◆ **WHAT IS EXPECTED**: Output all of the records exactly, word for word.

◆ **MATERIAL SUPPLIED**:
text \<open>The cardinal kappa is represented by a cardinal order k on a type 'k
(card_order: a well-order on all of 'k which is minimal among well-orders of
the same cardinality); the elements of 'k are thus the ordinals below kappa.\<close>

definition kless :: "'k rel \<Rightarrow> 'k \<Rightarrow> 'k \<Rightarrow> bool" where
  "kless k a b \<longleftrightarrow> (a, b) \<in> k \<and> a \<noteq> b"

definition kzero :: "'k rel \<Rightarrow> 'k" where
  "kzero k = (THE z. \<forall>x. (z, x) \<in> k)"

definition ksucc_of :: "'k rel \<Rightarrow> 'k \<Rightarrow> 'k \<Rightarrow> bool" where
  "ksucc_of k j i \<longleftrightarrow> kless k j i \<and> (\<forall>x. kless k j x \<longrightarrow> (i, x) \<in> k)"

definition klimit :: "'k rel \<Rightarrow> 'k \<Rightarrow> bool" where
  "klimit k d \<longleftrightarrow> d \<noteq> kzero k \<and> \<not> (\<exists>j. ksucc_of k j d)"

definition I0 :: "'k rel \<Rightarrow> (nat \<Rightarrow> 'k \<times> rat) set" where
  "I0 k = {f. finite {n. fst (f n) \<noteq> kzero k}}"

definition lexKQ :: "'k rel \<Rightarrow> 'k \<times> rat \<Rightarrow> 'k \<times> rat \<Rightarrow> bool" where
  "lexKQ k p q \<longleftrightarrow> kless k (fst p) (fst q) \<or> (fst p = fst q \<and> snd p < snd q)"

definition lessI0 :: "'k rel \<Rightarrow> (nat \<Rightarrow> 'k \<times> rat) \<Rightarrow> (nat \<Rightarrow> 'k \<times> rat) \<Rightarrow> bool" where
  "lessI0 k f g \<longleftrightarrow> (\<exists>n. (\<forall>m<n. f m = g m) \<and> lexKQ k (f n) (g n))"
(* Let $G=(V,E)$ be a graph with infinite edge motion and let $\gamma \in \operatorname{Aut} G$. Let $V_{\text{move}} = \{v \in V : \gamma(v) \neq v\}$, and let $C$ be the vertex set of a connected component of the induced subgraph $G[V_{\text{move}}]$. If $C$ is finite, then $C$ contains a vertex of infinite degree in $G$.
   Context: Graphs are simple and may be infinite. An automorphism $\gamma$ acts on edges by $\gamma(uv)=\gamma(u)\gamma(v)$; it moves an edge $e$ if $\gamma(e)\neq e$ as an unordered pair. A graph has infinite edge motion if every non-trivial automorphism moves infinitely many edges. *)

theory Defs
  imports Main
begin

definition simple_graph :: "'a set \<Rightarrow> 'a set set \<Rightarrow> bool" where
  "simple_graph V E \<longleftrightarrow> (\<forall>e\<in>E. e \<subseteq> V \<and> card e = 2)"

definition graph_aut :: "'a set \<Rightarrow> 'a set set \<Rightarrow> ('a \<Rightarrow> 'a) \<Rightarrow> bool" where
  "graph_aut V E g \<longleftrightarrow> bij_betw g V V \<and>
     (\<forall>u\<in>V. \<forall>v\<in>V. {u, v} \<in> E \<longleftrightarrow> {g u, g v} \<in> E)"

definition moved_edges :: "'a set set \<Rightarrow> ('a \<Rightarrow> 'a) \<Rightarrow> 'a set set" where
  "moved_edges E g = {e \<in> E. g ` e \<noteq> e}"
lemma meet_closed: "x \<in> carrier L \<Longrightarrow> y \<in> carrier L \<Longrightarrow> x \<curlywedge> y \<in> carrier L"
  using meet_props by blast
lemma meet_lower1: "x \<in> carrier L \<Longrightarrow> y \<in> carrier L \<Longrightarrow> x \<curlywedge> y \<sqsubseteq> x"
  using meet_props by blast
lemma meet_lower2: "x \<in> carrier L \<Longrightarrow> y \<in> carrier L \<Longrightarrow> x \<curlywedge> y \<sqsubseteq> y"
  using meet_props by blast
lemma le_meet_iff:
  "x \<in> carrier L \<Longrightarrow> y \<in> carrier L \<Longrightarrow> w \<in> carrier L \<Longrightarrow> w \<sqsubseteq> x \<curlywedge> y \<longleftrightarrow> w \<sqsubseteq> x \<and> w \<sqsubseteq> y"
  using meet_props trans by metis

lemma join_commute: "x \<in> carrier L \<Longrightarrow> y \<in> carrier L \<Longrightarrow> x \<curlyvee> y = y \<curlyvee> x"
  by (meson antisym join_closed join_le_iff join_upper1 join_upper2)
lemma meet_commute: "x \<in> carrier L \<Longrightarrow> y \<in> carrier L \<Longrightarrow> x \<curlywedge> y = y \<curlywedge> x"
  by (meson antisym meet_closed le_meet_iff meet_lower1 meet_lower2)
lemma join_absorb2: "x \<in> carrier L \<Longrightarrow> y \<in> carrier L \<Longrightarrow> x \<sqsubseteq> y \<Longrightarrow> x \<curlyvee> y = y"
  by (meson antisym join_closed join_le_iff join_upper2 refl)
lemma meet_absorb1: "x \<in> carrier L \<Longrightarrow> y \<in> carrier L \<Longrightarrow> x \<sqsubseteq> y \<Longrightarrow> x \<curlywedge> y = x"
  by (meson antisym meet_closed le_meet_iff meet_lower1 refl)

lemma join_mono_left:
  "x \<in> carrier L \<Longrightarrow> y \<in> carrier L \<Longrightarrow> m \<in> carrier L \<Longrightarrow> x \<sqsubseteq> y \<Longrightarrow> x \<curlyvee> m \<sqsubseteq> y \<curlyvee> m"
  by (meson join_closed join_le_iff join_upper1 join_upper2 refl trans)
lemma meet_mono_left:
  "x \<in> carrier L \<Longrightarrow> y \<in> carrier L \<Longrightarrow> m \<in> carrier L \<Longrightarrow> x \<sqsubseteq> y \<Longrightarrow> x \<curlywedge> m \<sqsubseteq> y \<curlywedge> m"
  by (meson meet_closed le_meet_iff meet_lower1 meet_lower2 refl trans)

lemma left_modular_elemD:
  assumes "left_modular_elem L m" "p \<in> carrier L" "q \<in> carrier L" "p \<sqsubseteq> q"
  shows "(p \<curlyvee> m) \<curlywedge> q = p \<curlyvee> (m \<curlywedge> q)"
proof (cases "p = q")
  case True
  have "m \<in> carrier L" using assms(1) unfolding left_modular_elem_def by blast
  then show ?thesis using True assms(2)
    by (metis join_absorb2 join_closed join_commute join_upper1 meet_absorb1 meet_closed
        meet_commute meet_lower2)
next
  case False
  then show ?thesis using assms unfolding left_modular_elem_def by blast
qed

◆ **SOLVED EXERCISE**:
text \<open>The cardinal kappa is represented by a cardinal order k on a type 'k
(card_order: a well-order on all of 'k which is minimal among well-orders of
the same cardinality); the elements of 'k are thus the ordinals below kappa.\<close>

definition kless :: "'k rel \<Rightarrow> 'k \<Rightarrow> 'k \<Rightarrow> bool" where
  "kless k a b \<longleftrightarrow> (a, b) \<in> k \<and> a \<noteq> b"

definition kzero :: "'k rel \<Rightarrow> 'k" where
  "kzero k = (THE z. \<forall>x. (z, x) \<in> k)"

definition ksucc_of :: "'k rel \<Rightarrow> 'k \<Rightarrow> 'k \<Rightarrow> bool" where
  "ksucc_of k j i \<longleftrightarrow> kless k j i \<and> (\<forall>x. kless k j x \<longrightarrow> (i, x) \<in> k)"

definition klimit :: "'k rel \<Rightarrow> 'k \<Rightarrow> bool" where
  "klimit k d \<longleftrightarrow> d \<noteq> kzero k \<and> \<not> (\<exists>j. ksucc_of k j d)"

definition I0 :: "'k rel \<Rightarrow> (nat \<Rightarrow> 'k \<times> rat) set" where
  "I0 k = {f. finite {n. fst (f n) \<noteq> kzero k}}"

definition lexKQ :: "'k rel \<Rightarrow> 'k \<times> rat \<Rightarrow> 'k \<times> rat \<Rightarrow> bool" where
  "lexKQ k p q \<longleftrightarrow> kless k (fst p) (fst q) \<or> (fst p = fst q \<and> snd p < snd q)"

definition lessI0 :: "'k rel \<Rightarrow> (nat \<Rightarrow> 'k \<times> rat) \<Rightarrow> (nat \<Rightarrow> 'k \<times> rat) \<Rightarrow> bool" where
  "lessI0 k f g \<longleftrightarrow> (\<exists>n. (\<forall>m<n. f m = g m) \<and> lexKQ k (f n) (g n))"
(* Let $G=(V,E)$ be a graph with infinite edge motion and let $\gamma \in \operatorname{Aut} G$. Let $V_{\text{move}} = \{v \in V : \gamma(v) \neq v\}$, and let $C$ be the vertex set of a connected component of the induced subgraph $G[V_{\text{move}}]$. If $C$ is finite, then $C$ contains a vertex of infinite degree in $G$.
   Context: Graphs are simple and may be infinite. An automorphism $\gamma$ acts on edges by $\gamma(uv)=\gamma(u)\gamma(v)$; it moves an edge $e$ if $\gamma(e)\neq e$ as an unordered pair. A graph has infinite edge motion if every non-trivial automorphism moves infinitely many edges. *)

theory Defs
  imports Main
begin

definition simple_graph :: "'a set \<Rightarrow> 'a set set \<Rightarrow> bool" where
  "simple_graph V E \<longleftrightarrow> (\<forall>e\<in>E. e \<subseteq> V \<and> card e = 2)"

definition graph_aut :: "'a set \<Rightarrow> 'a set set \<Rightarrow> ('a \<Rightarrow> 'a) \<Rightarrow> bool" where
  "graph_aut V E g \<longleftrightarrow> bij_betw g V V \<and>
     (\<forall>u\<in>V. \<forall>v\<in>V. {u, v} \<in> E \<longleftrightarrow> {g u, g v} \<in> E)"

definition moved_edges :: "'a set set \<Rightarrow> ('a \<Rightarrow> 'a) \<Rightarrow> 'a set set" where
  "moved_edges E g = {e \<in> E. g ` e \<noteq> e}"
lemma meet_closed: "x \<in> carrier L \<Longrightarrow> y \<in> carrier L \<Longrightarrow> x \<curlywedge> y \<in> carrier L"
  using meet_props by blast
lemma meet_lower1: "x \<in> carrier L \<Longrightarrow> y \<in> carrier L \<Longrightarrow> x \<curlywedge> y \<sqsubseteq> x"
  using meet_props by blast
lemma meet_lower2: "x \<in> carrier L \<Longrightarrow> y \<in> carrier L \<Longrightarrow> x \<curlywedge> y \<sqsubseteq> y"
  using meet_props by blast
lemma le_meet_iff:
  "x \<in> carrier L \<Longrightarrow> y \<in> carrier L \<Longrightarrow> w \<in> carrier L \<Longrightarrow> w \<sqsubseteq> x \<curlywedge> y \<longleftrightarrow> w \<sqsubseteq> x \<and> w \<sqsubseteq> y"
  using meet_props trans by metis

lemma join_commute: "x \<in> carrier L \<Longrightarrow> y \<in> carrier L \<Longrightarrow> x \<curlyvee> y = y \<curlyvee> x"
  by (meson antisym join_closed join_le_iff join_upper1 join_upper2)
lemma meet_commute: "x \<in> carrier L \<Longrightarrow> y \<in> carrier L \<Longrightarrow> x \<curlywedge> y = y \<curlywedge> x"
  by (meson antisym meet_closed le_meet_iff meet_lower1 meet_lower2)
lemma join_absorb2: "x \<in> carrier L \<Longrightarrow> y \<in> carrier L \<Longrightarrow> x \<sqsubseteq> y \<Longrightarrow> x \<curlyvee> y = y"
  by (meson antisym join_closed join_le_iff join_upper2 refl)
lemma meet_absorb1: "x \<in> carrier L \<Longrightarrow> y \<in> carrier L \<Longrightarrow> x \<sqsubseteq> y \<Longrightarrow> x \<curlywedge> y = x"
  by (meson antisym meet_closed le_meet_iff meet_lower1 refl)

lemma join_mono_left:
  "x \<in> carrier L \<Longrightarrow> y \<in> carrier L \<Longrightarrow> m \<in> carrier L \<Longrightarrow> x \<sqsubseteq> y \<Longrightarrow> x \<curlyvee> m \<sqsubseteq> y \<curlyvee> m"
  by (meson join_closed join_le_iff join_upper1 join_upper2 refl trans)
lemma meet_mono_left:
  "x \<in> carrier L \<Longrightarrow> y \<in> carrier L \<Longrightarrow> m \<in> carrier L \<Longrightarrow> x \<sqsubseteq> y \<Longrightarrow> x \<curlywedge> m \<sqsubseteq> y \<curlywedge> m"
  by (meson meet_closed le_meet_iff meet_lower1 meet_lower2 refl trans)

lemma left_modular_elemD:
  assumes "left_modular_elem L m" "p \<in> carrier L" "q \<in> carrier L" "p \<sqsubseteq> q"
  shows "(p \<curlyvee> m) \<curlywedge> q = p \<curlyvee> (m \<curlywedge> q)"
proof (cases "p = q")
  case True
  have "m \<in> carrier L" using assms(1) unfolding left_modular_elem_def by blast
  then show ?thesis using True assms(2)
    by (metis join_absorb2 join_closed join_commute join_upper1 meet_absorb1 meet_closed
        meet_commute meet_lower2)
next
  case False
  then show ?thesis using assms unfolding left_modular_elem_def by blast
qed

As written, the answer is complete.